Sinusoidal modelling aims at representing sounds by means of sinusoids plus noise signal models, in order to analyse and synthesis sounds.
The algorithms yielding a representation of sounds with the Fourier transform spectrum are not based on an explicit signal model, which can be used for instance for time stretch, or fundamental frequency estimation.
Representations based on sinusoidal modeling are higher level of sound representation, where perceptually different components, sinusoids and noise, are distinguished.
Signals produced with a source filter model – typically, vocal sounds, or strings for instance, are often periodic : they can be represented by a superposition of sinusoids, whose frequencies are in harmonic relation. In the case of a forced oscillation[1], which means that the vibrating body
In the case of free oscillation[2] systems – typically, percussions – sounds can be discribed as a superposition of modes. The oscillation is not forced, as with a bowed string. Each mode[3] produces a sinusoid, with its characteristic frequency. If modes are not too dense, the sound will be perceived as rather clean.
Each sinusoid has an index k, a time varying amplitude ak(n) and phase φk(n).
For a time continuous sinusoid, the frequency is the time derivative of the phase.
For a discrete time sinusoid, the frequency is defined as the phase difference of subsequent samples.
In this context, each signal can be interpreted as a sinusoid, but each sinusoidal component can also be perceived as individual entities, provided that its perceived quality is close to that of a stationary sinusoid.
The sinusoidal components are detected by the means of the amplitude and phase. The resulting set of sinusoidal components is represented as a superposition. They are substracted from the signal, with, as a result, the residual, that is, to put it shortly, the noise.
Their exist few algorithms that allow to distinguish between spectral peaks representing sinusoids and noise. Common techniques are based on features that are derived
from the form of the phase, frequency trajectory and amplitude spectrum smoothness. Sinusoids forming amplitude or frequency trajectories that are not sufficiently smooth are removed from the set of sinusoids. This selection is simplified in the case of harmonic sounds, since the expected frequency positions of sinusoids are supposed to be integer multiples of the fundamental frequency.
The residual combines signal noise and modeling error.
The sinusoidal analysis is performed on the Short Time Fourier Transform of the signal.

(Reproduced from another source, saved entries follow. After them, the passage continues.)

(* Let $(\Omega,\mu)$ be a $\sigma$-finite measure space and $E=L^2(\Omega,\mu)$. Let $A: E\supseteq D(A)\to E$ be a self-adjoint real operator with spectral bound $s(A)<\infty$ which is associated with a symmetric (closed) form $a: D(a)\times D(a)\to\mathbb{C}$ with form domain $D(a)\subseteq E$. If $0\le u\in E$ is strictly positive almost everywhere and $D(a)\subseteq E_u$, then $-u\otimes u\preceq R(\mu,A)\preceq u\otimes u$ for every real $\mu\in\rho(A)$.
   Context: A real operator maps real functions in its domain to real functions, with domain spanned by its real elements. $s(A)=\sup\{\operatorname{Re}\lambda:\lambda\in\sigma(A)\}$. $E_u=\{f\in E: |f|\le cu \text{ a.e. for some } c\ge0\}$. $u\otimes u$ is the operator $f\mapsto\big(\int_\Omega uf\,d\mu\big)u$. $R(\mu,A)=(\mu-A)^{-1}$. For bounded real operators, $T\succeq S$ (equivalently $S\preceq T$) means $T-cS$ maps nonnegative functions to nonnegative functions for some $c>0$. *)

theory Defs
  imports "HOL-Analysis.Analysis"
begin

text \<open>Concrete model of the complex Hilbert space E = L^2(Omega, mu): square integrable
  measurable complex functions, with all identities understood almost everywhere.\<close>

definition L2 :: "'a measure \<Rightarrow> ('a \<Rightarrow> complex) set" where
  "L2 M = {f. f \<in> borel_measurable M \<and> integrable M (\<lambda>x. (cmod (f x))^2)}"

definition l2_inner :: "'a measure \<Rightarrow> ('a \<Rightarrow> complex) \<Rightarrow> ('a \<Rightarrow> complex) \<Rightarrow> complex" where
  "l2_inner M f g = (LINT x|M. f x * cnj (g x))"

definition l2_norm :: "'a measure \<Rightarrow> ('a \<Rightarrow> complex) \<Rightarrow> real" where
  "l2_norm M f = sqrt (LINT x|M. (cmod (f x))^2)"

definition ae_eq :: "'a measure \<Rightarrow> ('a \<Rightarrow> complex) \<Rightarrow> ('a \<Rightarrow> complex) \<Rightarrow> bool" where
  "ae_eq M f g \<longleftrightarrow> (AE x in M. f x = g x)"

definition real_fun :: "'a measure \<Rightarrow> ('a \<Rightarrow> complex) \<Rightarrow> bool" where
  "real_fun M f \<longleftrightarrow> (AE x in M. Im (f x) = 0)"

definition nonneg_fun :: "'a measure \<Rightarrow> ('a \<Rightarrow> complex) \<Rightarrow> bool" where
  "nonneg_fun M f \<longleftrightarrow> (AE x in M. Im (f x) = 0 \<and> 0 \<le> Re (f x))"

definition linear_subspace_L2 :: "'a measure \<Rightarrow> ('a \<Rightarrow> complex) set \<Rightarrow> bool" where
  "linear_subspace_L2 M D \<longleftrightarrow> D \<subseteq> L2 M \<and> (\<lambda>x. 0) \<in> D \<and>
     (\<forall>f\<in>D. \<forall>g\<in>D. (\<lambda>x. f x + g x) \<in> D) \<and> (\<forall>c. \<forall>f\<in>D. (\<lambda>x. c * f x) \<in> D)"

definition linear_operator :: "'a measure \<Rightarrow> ('a \<Rightarrow> complex) set \<Rightarrow> (('a \<Rightarrow> complex) \<Rightarrow> ('a \<Rightarrow> complex)) \<Rightarrow> bool" where
  "linear_operator M D A \<longleftrightarrow> linear_subspace_L2 M D \<and> (\<forall>f\<in>D. A f \<in> L2 M) \<and>
     (\<forall>f\<in>D. \<forall>g\<in>D. ae_eq M f g \<longrightarrow> ae_eq M (A f) (A g)) \<and>
     (\<forall>f\<in>D. \<forall>g\<in>D. ae_eq M (A (\<lambda>x. f x + g x)) (\<lambda>x. A f x + A g x)) \<and>
     (\<forall>c. \<forall>f\<in>D. ae_eq M (A (\<lambda>x. c * f x)) (\<lambda>x. c * A f x))"

definition dense_L2 :: "'a measure \<Rightarrow> ('a \<Rightarrow> complex) set \<Rightarrow> bool" where
  "dense_L2 M D \<longleftrightarrow> (\<forall>f\<in>L2 M. \<forall>e>0. \<exists>g\<in>D. l2_norm M (\<lambda>x. f x - g x) < e)"

text \<open>Self-adjoint: densely defined and A equals its adjoint A* (graphs agree modulo a.e.).\<close>
definition self_adjoint :: "'a measure \<Rightarrow> ('a \<Rightarrow> complex) set \<Rightarrow> (('a \<Rightarrow> complex) \<Rightarrow> ('a \<Rightarrow> complex)) \<Rightarrow> bool" where
  "self_adjoint M D A \<longleftrightarrow> linear_operator M D A \<and> dense_L2 M D \<and>
     (\<forall>g\<in>L2 M. \<forall>h\<in>L2 M. (\<forall>f\<in>D. l2_inner M (A f) g = l2_inner M f h) \<longleftrightarrow>
        (\<exists>g'\<in>D. ae_eq M g' g \<and> ae_eq M (A g') h))"

definition real_operator :: "'a measure \<Rightarrow> ('a \<Rightarrow> complex) set \<Rightarrow> (('a \<Rightarrow> complex) \<Rightarrow> ('a \<Rightarrow> complex)) \<Rightarrow> bool" where
  "real_operator M D A \<longleftrightarrow> (\<forall>f\<in>D. real_fun M f \<longrightarrow> real_fun M (A f)) \<and>
     (\<forall>f\<in>D. \<exists>g\<in>D. \<exists>h\<in>D. real_fun M g \<and> real_fun M h \<and> ae_eq M f (\<lambda>x. g x + \<i> * h x))"

definition resolvent_set :: "'a measure \<Rightarrow> ('a \<Rightarrow> complex) set \<Rightarrow> (('a \<Rightarrow> complex) \<Rightarrow> ('a \<Rightarrow> complex)) \<Rightarrow> complex set" where
  "resolvent_set M D A = {l. (\<forall>g\<in>L2 M. \<exists>f\<in>D. ae_eq M (\<lambda>x. l * f x - A f x) g) \<and>
     (\<exists>C. \<forall>f\<in>D. l2_norm M f \<le> C * l2_norm M (\<lambda>x. l * f x - A f x))}"

definition spectrum_op :: "'a measure \<Rightarrow> ('a \<Rightarrow> complex) set \<Rightarrow> (('a \<Rightarrow> complex) \<Rightarrow> ('a \<Rightarrow> complex)) \<Rightarrow> complex set" where
  "spectrum_op M D A = - resolvent_set M D A"

text \<open>Spectral bound s(A) = sup Re sigma(A) in the extended reals (sup of the empty set is -infinity).\<close>
definition spectral_bound :: "'a measure \<Rightarrow> ('a \<Rightarrow> complex) set \<Rightarrow> (('a \<Rightarrow> complex) \<Rightarrow> ('a \<Rightarrow> complex)) \<Rightarrow> ereal" where
  "spectral_bound M D A = (SUP z\<in>spectrum_op M D A. ereal (Re z))"

definition resolvent :: "'a measure \<Rightarrow> ('a \<Rightarrow> complex) set \<Rightarrow> (('a \<Rightarrow> complex) \<Rightarrow> ('a \<Rightarrow> complex)) \<Rightarrow> complex \<Rightarrow> ('a \<Rightarrow> complex) \<Rightarrow> ('a \<Rightarrow> complex)" where
  "resolvent M D A l f = (SOME g. g \<in> D \<and> ae_eq M (\<lambda>x. l * g x - A g x) f)"

definition sym_form :: "'a measure \<Rightarrow> ('a \<Rightarrow> complex) set \<Rightarrow> (('a \<Rightarrow> complex) \<Rightarrow> ('a \<Rightarrow> complex) \<Rightarrow> complex) \<Rightarrow> bool" where
  "sym_form M Da a \<longleftrightarrow> linear_subspace_L2 M Da \<and>
     (\<forall>f\<in>Da. \<forall>g\<in>Da. \<forall>h\<in>Da. a (\<lambda>x. f x + g x) h = a f h + a g h) \<and>
     (\<forall>c. \<forall>f\<in>Da. \<forall>h\<in>Da. a (\<lambda>x. c * f x) h = c * a f h) \<and>
     (\<forall>f\<in>Da. \<forall>h\<in>Da. a f h = cnj (a h f)) \<and>
     (\<forall>f\<in>Da. \<forall>g\<in>Da. \<forall>h\<in>Da. ae_eq M f g \<longrightarrow> a f h = a g h)"

definition form_norm :: "'a measure \<Rightarrow> (('a \<Rightarrow> complex) \<Rightarrow> ('a \<Rightarrow> complex) \<Rightarrow> complex) \<Rightarrow> real \<Rightarrow> ('a \<Rightarrow> complex) \<Rightarrow> real" where
  "form_norm M a w f = sqrt (Re (a f f) + (w + 1) * (l2_norm M f)^2)"

definition closed_form :: "'a measure \<Rightarrow> ('a \<Rightarrow> complex) set \<Rightarrow> (('a \<Rightarrow> complex) \<Rightarrow> ('a \<Rightarrow> complex) \<Rightarrow> complex) \<Rightarrow> bool" where
  "closed_form M Da a \<longleftrightarrow> sym_form M Da a \<and>
     (\<exists>w. (\<forall>f\<in>Da. - w * (l2_norm M f)^2 \<le> Re (a f f)) \<and>
       (\<forall>F. (\<forall>n. F n \<in> Da) \<and> (\<forall>e>0. \<exists>N. \<forall>m\<ge>N. \<forall>n\<ge>N. form_norm M a w (\<lambda>x. F m x - F n x) < e)
          \<longrightarrow> (\<exists>f\<in>Da. (\<lambda>n. form_norm M a w (\<lambda>x. F n x - f x)) \<longlonglongrightarrow> 0)))"

definition associated :: "'a measure \<Rightarrow> ('a \<Rightarrow> complex) set \<Rightarrow> (('a \<Rightarrow> complex) \<Rightarrow> ('a \<Rightarrow> complex)) \<Rightarrow>
    ('a \<Rightarrow> complex) set \<Rightarrow> (('a \<Rightarrow> complex) \<Rightarrow> ('a \<Rightarrow> complex) \<Rightarrow> complex) \<Rightarrow> bool" where
  "associated M D A Da a \<longleftrightarrow> (\<forall>f\<in>L2 M. \<forall>g\<in>L2 M.
     (\<exists>f'\<in>D. ae_eq M f' f \<and> ae_eq M (A f') g) \<longleftrightarrow>
     (\<exists>f'\<in>Da. ae_eq M f' f \<and> (\<forall>h\<in>Da. a f' h = - l2_inner M g h)))"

A sinusoid creates a prominent local peak, that is, a local maximum of the magnitude spectrum. For each frame, the peaks are determined searching these local maxima.
In each STFT frame the spectral peaks are detected.

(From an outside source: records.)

lemma vanishes_above_tmul [simp]: "vanishes_above k (tmul k a b)"
  by (simp add: vanishes_above_def tmul_eq_0_above)

lemma vanishes_above_tone [simp]: "vanishes_above k tone"
  by (simp add: vanishes_above_def tone_def)

lemma tmul_tone_left:
  assumes "vanishes_above k b"
  shows "tmul k tone b = b"
proof
  fix w
  have "(\<Sum>i\<le>length w. tone (take i w) * b (drop i w)) = (\<Sum>i\<le>length w. if i = 0 then b w else 0)"
    by (rule sum.cong) (auto simp: tone_def)
  then show "tmul k tone b w = b w"
    using assms by (simp add: tmul_def vanishes_above_def)
qed

lemma tmul_tone_right:
  assumes "vanishes_above k a"
  shows "tmul k a tone = a"
proof
  fix w
  have "(\<Sum>i\<le>length w. a (take i w) * tone (drop i w)) =
      (\<Sum>i\<le>length w. if i = length w then a w else 0)"
    by (rule sum.cong) (auto simp: tone_def)
  then show "tmul k a tone w = a w"
    using assms by (simp add: tmul_def vanishes_above_def)
qed

lemma sum_atMost_atLeastAtMost_swap:
  "(\<Sum>i\<le>n. \<Sum>j\<in>{i..n}. f i j) = (\<Sum>j\<le>n::nat. \<Sum>i\<le>j. f i j)"
proof -
  have "(\<Sum>i\<le>n. \<Sum>j\<in>{i..n}. f i j) = (\<Sum>i\<le>n. sum (f i) {j. j \<in> {..n} \<and> i \<le> j})"
    by (intro sum.cong) auto
  also have "\<dots> = (\<Sum>j\<le>n. \<Sum>i\<in>{i. i \<in> {..n} \<and> i \<le> j}. f i j)"
    by (rule sum.swap_restrict) simp_all
  also have "\<dots> = (\<Sum>j\<le>n. \<Sum>i\<le>j. f i j)"
    by (intro sum.cong) auto
  finally show ?thesis .
qed

lemma tmul_assoc: "tmul k a (tmul k b c) = tmul k (tmul k a b) c"
proof
  fix w
  show "tmul k a (tmul k b c) w = tmul k (tmul k a b) c w"
  proof (cases "length w \<le> k")
    case False
    then show ?thesis by (simp add: tmul_def)
  next
    case True
    let ?n = "length w"
    define f where "f i j = a (take i w) * b (drop i (take j w)) * c (drop j w)" for i j
    have "tmul k a (tmul k b c) w = (\<Sum>i\<le>?n. \<Sum>l\<le>?n - i. f i (i + l))"
      using True unfolding tmul_def f_def
      by (auto simp: sum_distrib_left take_drop drop_drop add.commute mult.assoc intro!: sum.cong)
    also have "\<dots> = (\<Sum>i\<le>?n. \<Sum>j\<in>{i..?n}. f i j)"
    proof (rule sum.cong[OF refl])
      fix i
      assume "i \<in> {..?n}"
      then show "(\<Sum>l\<le>?n - i. f i (i + l)) = (\<Sum>j\<in>{i..?n}. f i j)"
        by (intro sum.reindex_bij_witness[of _ "\<lambda>j. j - i" "\<lambda>l. i + l"]) auto
    qed
    also have "\<dots> = (\<Sum>j\<le>?n. \<Sum>i\<le>j. f i j)"
      by (rule sum_atMost_atLeastAtMost_swap)
    also have "\<dots> = tmul k (tmul k a b) c w"
      using True unfolding tmul_def f_def
      by (auto simp: sum_distrib_right min_def intro!: sum.cong)
    finally show ?thesis .
  qed
qed

lemma tmul_sum_left: "tmul k (\<lambda>w. \<Sum>j\<in>A. f j w) b = (\<lambda>w. \<Sum>j\<in>A. tmul k (f j) b w)"
  unfolding tmul_def by (rule ext) (simp add: sum_distrib_right sum.swap[of _ _ A])

lemma tmul_sum_right: "tmul k a (\<lambda>w. \<Sum>j\<in>A. f j w) = (\<lambda>w. \<Sum>j\<in>A. tmul k a (f j) w)"
  unfolding tmul_def by (rule ext) (simp add: sum_distrib_left sum.swap[of _ _ A])

lemma tmul_scale_left: "tmul k (\<lambda>w. c * a w) b = (\<lambda>w. c * tmul k a b w)"
  unfolding tmul_def by (auto simp: sum_distrib_left mult.assoc)

lemma tmul_scale_right: "tmul k a (\<lambda>w. c * b w) = (\<lambda>w. c * tmul k a b w)"
  unfolding tmul_def by (auto simp: sum_distrib_left mult_ac)

lemma tpow_0 [simp]: "tpow k a 0 = tone"
  by (simp add: tpow_def)

lemma tpow_Suc: "tpow k a (Suc n) = tmul k a (tpow k a n)"
  by (simp add: tpow_def)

Amplitude thresholds, among others, may be used to avoid processing a large number of peaks that will be qualified as noise.

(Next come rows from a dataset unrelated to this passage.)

(* Let $\mathfrak{g}$ be a Lie algebra over $\mathbb{F}$ with a symmetric invariant bilinear form $\langle\cdot,\cdot\rangle$, and let $\hat{\mathfrak{g}}=\mathfrak{g}\otimes\mathbb{F}[t,t^{-1}]\oplus\mathbb{F}\mathbf{k}$ be the affine Lie algebra with $\mathbf{k}$ central and $[a\otimes t^m,b\otimes t^n]=[a,b]\otimes t^{m+n}+m\langle a,b\rangle\delta_{m+n,0}\mathbf{k}$. Then $\hat{\mathfrak{g}}$ is an $\mathcal{H}$-module Lie algebra with, for $r\in\mathbb{N}$, $a\in\mathfrak{g}$, $n\in\mathbb{Z}$: $L_{-1}^{(r)}\mathbf{k}=L_1^{(r)}\mathbf{k}=L_0^{(r)}\mathbf{k}=\delta_{r,0}\mathbf{k}$, $L_{-1}^{(r)}(a\otimes t^n)=(-1)^r\binom{n}{r}a\otimes t^{n-r}$, $L_1^{(r)}(a\otimes t^n)=\binom{-n}{r}a\otimes t^{n+r}$, $L_0^{(r)}(a\otimes t^n)=\binom{2n}{r}a\otimes t^n$.
   Context: $\mathbb{F}$ is an algebraically closed field of odd prime characteristic $p$. $\mathcal{H}$: let $\mathfrak{sl}_2$ over $\mathbb{C}$ have basis $L_{-1},L_0,L_1$ with $[L_1,L_{-1}]=2L_0$, $[L_0,L_{\pm1}]=\mp L_{\pm1}$; put $L_{\pm1}^{(n)}=L_{\pm1}^n/n!$, $L_0^{(n)}=\binom{-2L_0}{n}$ in $U(\mathfrak{sl}_2)$; $U(\mathfrak{sl}_2)_{\mathbb{Z}}$ is the $\mathbb{Z}$-span of the $L_{-1}^{(i)}L_0^{(j)}L_1^{(k)}$, and $\mathcal{H}=\mathbb{F}\otimes_{\mathbb{Z}}U(\mathfrak{sl}_2)_{\mathbb{Z}}$, a Hopf algebra with $\Delta(L_{\pm1}^{(n)})=\sum_iL_{\pm1}^{(n-i)}\otimes L_{\pm1}^{(i)}$, $\Delta(L_0^{(n)})=\sum_iL_0^{(n-i)}\otimes L_0^{(i)}$, $\varepsilon(L_{\pm1}^{(n)})=\varepsilon(L_0^{(n)})=\delta_{n,0}$; it is generated as an algebra by the $L_{\pm1}^{(n)}$. For a bialgebra $B$, a $B$-module Lie algebra is a Lie algebra $\mathfrak{a}$ with a $B$-module structure such that $b[u,v]=\sum[b^{(1)}u,b^{(2)}v]$ for $b\in B$, $u,v\in\mathfrak{a}$, where $\Delta(b)=\sum b^{(1)}\otimes b^{(2)}$. *)

theory Defs
  imports Main "HOL-Computational_Algebra.Polynomial"
begin

text \<open>Elements of U(sl_2)_Q are modelled by their (faithful) action on the direct sum
  of all irreducible finite-dimensional sl_2-modules V(n), n = 0,1,2,...  An element is a
  block-diagonal matrix: u n i j is the (i,j) entry (0 \<le> i,j \<le> n) of its action on V(n),
  with respect to the basis v_0,...,v_n of V(n) (v_j = x^(n-j) y^j).  Entries outside
  0..n are zero for all elements considered.\<close>

type_synonym U = "nat \<Rightarrow> nat \<Rightarrow> nat \<Rightarrow> rat"

definition umult :: "U \<Rightarrow> U \<Rightarrow> U" where
  "umult A B = (\<lambda>n i k. \<Sum>j\<le>n. A n i j * B n j k)"

definition uone :: U where
  "uone = (\<lambda>n i j. if i = j \<and> i \<le> n then 1 else 0)"

definition uadd :: "U \<Rightarrow> U \<Rightarrow> U" where
  "uadd A B = (\<lambda>n i j. A n i j + B n i j)"

definition uscale :: "rat \<Rightarrow> U \<Rightarrow> U" where
  "uscale c A = (\<lambda>n i j. c * A n i j)"

definition usum :: "'i set \<Rightarrow> ('i \<Rightarrow> U) \<Rightarrow> U" where
  "usum S f = (\<lambda>n i j. \<Sum>s\<in>S. f s n i j)"

definition sl2_e :: U where
  "sl2_e = (\<lambda>n i j. if j \<le> n \<and> j = i + 1 then of_nat j else 0)"

definition sl2_f :: U where
  "sl2_f = (\<lambda>n i j. if i \<le> n \<and> i = j + 1 then of_nat n - of_nat j else 0)"

definition sl2_h :: U where
  "sl2_h = (\<lambda>n i j. if i = j \<and> i \<le> n then of_nat n - 2 * of_nat i else 0)"

text \<open>The basis of the paper: L_1 = e, L_(-1) = -f, L_0 = -h/2; then
  [L_1,L_(-1)] = 2 L_0 and [L_0,L_(+-1)] = -+ L_(+-1).\<close>

definition L_1 :: U where "L_1 = sl2_e"
definition L_m1 :: U where "L_m1 = uscale (-1) sl2_f"
definition L_0 :: U where "L_0 = uscale (-1/2) sl2_h"

fun upow :: "U \<Rightarrow> nat \<Rightarrow> U" where
  "upow A 0 = uone"
| "upow A (Suc r) = umult (upow A r) A"

fun ufall :: "U \<Rightarrow> nat \<Rightarrow> U" where
  "ufall A 0 = uone"
| "ufall A (Suc r) = umult (ufall A r) (uadd A (uscale (- of_nat r) uone))"

definition L_1_div :: "nat \<Rightarrow> U" where
  "L_1_div r = uscale (1 / fact r) (upow L_1 r)"

definition L_m1_div :: "nat \<Rightarrow> U" where
  "L_m1_div r = uscale (1 / fact r) (upow L_m1 r)"

definition L_0_div :: "nat \<Rightarrow> U" where
  "L_0_div r = uscale (1 / fact r) (ufall (uscale (-2) L_0) r)"

definition pbw :: "nat \<Rightarrow> nat \<Rightarrow> nat \<Rightarrow> U" where
  "pbw i j k = umult (umult (L_m1_div i) (L_0_div j)) (L_1_div k)"

definition UZ :: "U set" where
  "UZ = {u. \<exists>S c. finite S \<and> u = usum S (\<lambda>m. uscale (of_int (c m)) (case m of (i,j,k) \<Rightarrow> pbw i j k))}"

text \<open>Generalized binomial coefficient binom(n, r) = n(n-1)...(n-r+1)/r! for an integer n
  (an integer; the division is exact).\<close>

definition ibinom :: "int \<Rightarrow> nat \<Rightarrow> int" where
  "ibinom n r = (\<Prod>i<r. n - int i) div fact r"

definition lie_algebra_with_form ::
  "('k::field \<Rightarrow> 'g::ab_group_add \<Rightarrow> 'g) \<Rightarrow> ('g \<Rightarrow> 'g \<Rightarrow> 'g) \<Rightarrow> ('g \<Rightarrow> 'g \<Rightarrow> 'k) \<Rightarrow> bool" where
  "lie_algebra_with_form scale br B \<longleftrightarrow>
     vector_space scale
   \<and> (\<forall>x y z. br (x + y) z = br x z + br y z)
   \<and> (\<forall>x y z. br x (y + z) = br x y + br x z)
   \<and> (\<forall>c x y. br (scale c x) y = scale c (br x y))
   \<and> (\<forall>c x y. br x (scale c y) = scale c (br x y))
   \<and> (\<forall>x. br x x = 0)
   \<and> (\<forall>x y z. br x (br y z) + br y (br z x) + br z (br x y) = 0)
   \<and> (\<forall>x y z. B (x + y) z = B x z + B y z)
   \<and> (\<forall>x y z. B x (y + z) = B x y + B x z)
   \<and> (\<forall>c x y. B (scale c x) y = c * B x y)
   \<and> (\<forall>c x y. B x (scale c y) = c * B x y)
   \<and> (\<forall>x y. B x y = B y x)
   \<and> (\<forall>x y z. B (br x y) z = B x (br y z))"

text \<open>Elements of the affine algebra g-hat = g \<otimes> F[t,t^-1] \<oplus> F k: a pair (f, c) with
  f :: int \<Rightarrow> g finitely supported (f n is the coefficient of t^n) and c the coefficient of k.\<close>

type_synonym ('g, 'k) aff = "(int \<Rightarrow> 'g) \<times> 'k"

definition aff_carrier :: "('g::zero, 'k) aff set" where
  "aff_carrier = {x. finite {m. fst x m \<noteq> 0}}"

definition aff_zero :: "('g::zero, 'k::zero) aff" where
  "aff_zero = (\<lambda>_. 0, 0)"

definition aff_add :: "('g::plus, 'k::plus) aff \<Rightarrow> ('g, 'k) aff \<Rightarrow> ('g, 'k) aff" where
  "aff_add x y = (\<lambda>m. fst x m + fst y m, snd x + snd y)"

definition aff_scale :: "('k \<Rightarrow> 'g \<Rightarrow> 'g) \<Rightarrow> 'k::times \<Rightarrow> ('g, 'k) aff \<Rightarrow> ('g, 'k) aff" where
  "aff_scale scale c x = (\<lambda>m. scale c (fst x m), c * snd x)"

definition aff_sum :: "'i set \<Rightarrow> ('i \<Rightarrow> ('g::comm_monoid_add, 'k::comm_monoid_add) aff) \<Rightarrow> ('g, 'k) aff" where
  "aff_sum S f = (\<lambda>m. \<Sum>s\<in>S. fst (f s) m, \<Sum>s\<in>S. snd (f s))"

definition aff_k :: "('g::zero, 'k::one) aff" where
  "aff_k = (\<lambda>_. 0, 1)"

definition aff_loop :: "'g::zero \<Rightarrow> int \<Rightarrow> ('g, 'k::zero) aff" where
  "aff_loop a n = (\<lambda>m. if m = n then a else 0, 0)"

definition aff_bracket ::
  "('g::{zero,comm_monoid_add} \<Rightarrow> 'g \<Rightarrow> 'g) \<Rightarrow> ('g \<Rightarrow> 'g \<Rightarrow> 'k::ring_1)
   \<Rightarrow> ('g, 'k) aff \<Rightarrow> ('g, 'k) aff \<Rightarrow> ('g, 'k) aff" where
  "aff_bracket br B x y =
     (\<lambda>m. \<Sum>i\<in>{i. fst x i \<noteq> 0}. br (fst x i) (fst y (m - i)),
      \<Sum>i\<in>{i. fst x i \<noteq> 0}. of_int i * B (fst x i) (fst y (- i)))"

end

(* Model U(sl_2) over Q by its action on the irreducible modules V(N) and obtain the action on
   the loop algebra by extrapolation. In V(2N) let the basis vector v_(N-n) stand for t^n. Along
   a fixed diagonal, the entries of an element of the Kostant form are, for large N, a polynomial
   in N, and the value of this polynomial at N = 0 is an integer; these values form the matrix of
   the action on g \<otimes> F[t, t^-1], and the entry on the trivial module V(0) gives the action
   on k. Since the elements are banded, a diagonal of a product is a finite convolution of
   diagonals of the factors, so extrapolation is multiplicative. The divided powers act by
   weighted shifts with binomial weights, for which the module Lie algebra condition reduces to
   the Vandermonde identity, plus the absorption identity (a - s) binom(a, s) = a binom(a - 1, s)
   for the central term. Nothing about the characteristic of F is used. *)

theory Submission
  imports Defs "HOL-Computational_Algebra.Formal_Power_Series" "HOL.Binomial_Plus"
begin

section \<open>Binomial coefficients\<close>

lemma of_int_ibinom: "(of_int (ibinom n r) :: 'a::field_char_0) = of_int n gchoose r"
  using of_int_gbinomial[of n r] gbinomial_prod_rev[of n r] by (simp add: ibinom_def atLeast0LessThan)

lemma of_int_gchoose_Ints: "(of_int n :: 'a::field_char_0) gchoose r \<in> \<int>"
  by (metis Ints_of_int of_int_ibinom)

lemma ibinom_vandermonde: "ibinom (a + b) r = (\<Sum>s\<le>r. ibinom a s * ibinom b (r - s))"
proof -
  have "(of_int (ibinom (a + b) r) :: rat) = of_int (\<Sum>s\<le>r. ibinom a s * ibinom b (r - s))"
    using gbinomial_Vandermonde[of "of_int a :: rat" "of_int b" r]
    by (simp add: of_int_ibinom atLeast0AtMost)
  then show ?thesis by (simp only: of_int_eq_iff)
qed

lemma ibinom_absorb_comp: "(a - int s) * ibinom a s = a * ibinom (a - 1) s"
proof -
  have "(of_int ((a - int s) * ibinom a s) :: rat) = of_int (a * ibinom (a - 1) s)"
    using gbinomial_absorb_comp[of "of_int a :: rat" s] by (simp add: of_int_ibinom)
  then show ?thesis by (simp only: of_int_eq_iff)
qed

lemma ibinom_0 [simp]: "ibinom a 0 = 1"
  by (simp add: ibinom_def)

lemma ibinom_eq_0:
  assumes "0 \<le> a" "a < int r"
  shows "ibinom a r = 0"
proof -
  have "nat a \<in> {..<r}" "a - int (nat a) = 0" using assms by auto
  then have P: "(\<Prod>i<r. a - int i) = 0" by (metis finite_lessThan prod_zero_iff)
  show ?thesis unfolding ibinom_def P by simp
qed

lemma ibinom_0_left: "ibinom 0 r = (if r = 0 then 1 else 0)"
  by (simp add: ibinom_eq_0)

lemma ibinom_sign_convolution:
  "(-1) ^ r * ibinom (p + q) r = (\<Sum>s\<le>r. ((-1) ^ s * ibinom p s) * ((-1) ^ (r - s) * ibinom q (r - s)))"
proof -
  have "(-1::int) ^ s * (-1) ^ (r - s) = (-1) ^ r" if "s \<le> r" for s
    using that by (simp flip: power_add)
  then show ?thesis
    by (auto simp: ibinom_vandermonde sum_distrib_left mult_ac intro!: sum.cong)
qed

For each selected peak, an estimation of the sinusoidal parameters is executed : amplitude, frequency. In many cases, the phase needs to be estimated to, in order to subtract the sinusoid from the sound.
Once the parameters of the spectral peaks have been estimated in each frame, the peaks have to be connected to form amplitude, frequency and phase trajectories to be synthesized,
As the values yielded by the STFT are comprized within each analysis frame, the values between the frames have to be interpolated. Therefore, a connection between the peaks in consecutive frames is created to render a coherent trajectory.
Although there isn't one algorithm for all situations, one algorithm allows to connect each peak in the previous frame to the closest peak in frequency, in the next frame. To avoid unreasonable jumps, the amplitude and frequency differences of the peaks are compared.
Only peaks that do not exceed a minimum variation for both parameters are connected.
Unconnected peaks belong to dying partials.
Peaks without any connections may represent a new born sinusoid.
The variation thresholds can be adapted to favor smoothness of amplitude and frequency trajectories.
Recent algorithms try to incorporate a trajectory model into the peak continuation algorithm.
The interpolation for the sinusoidal parameters corresponding on one hand to the frame rate, and on the other hand to the sample rate are interpolated. The resulting sinusoids are synthesized and substracted from the signal.
A dedicated noise model can be fitted to the residual spectrum. Common choice is based on a source-filter model, using a spectral envelope of the residual, and excitation using white noise.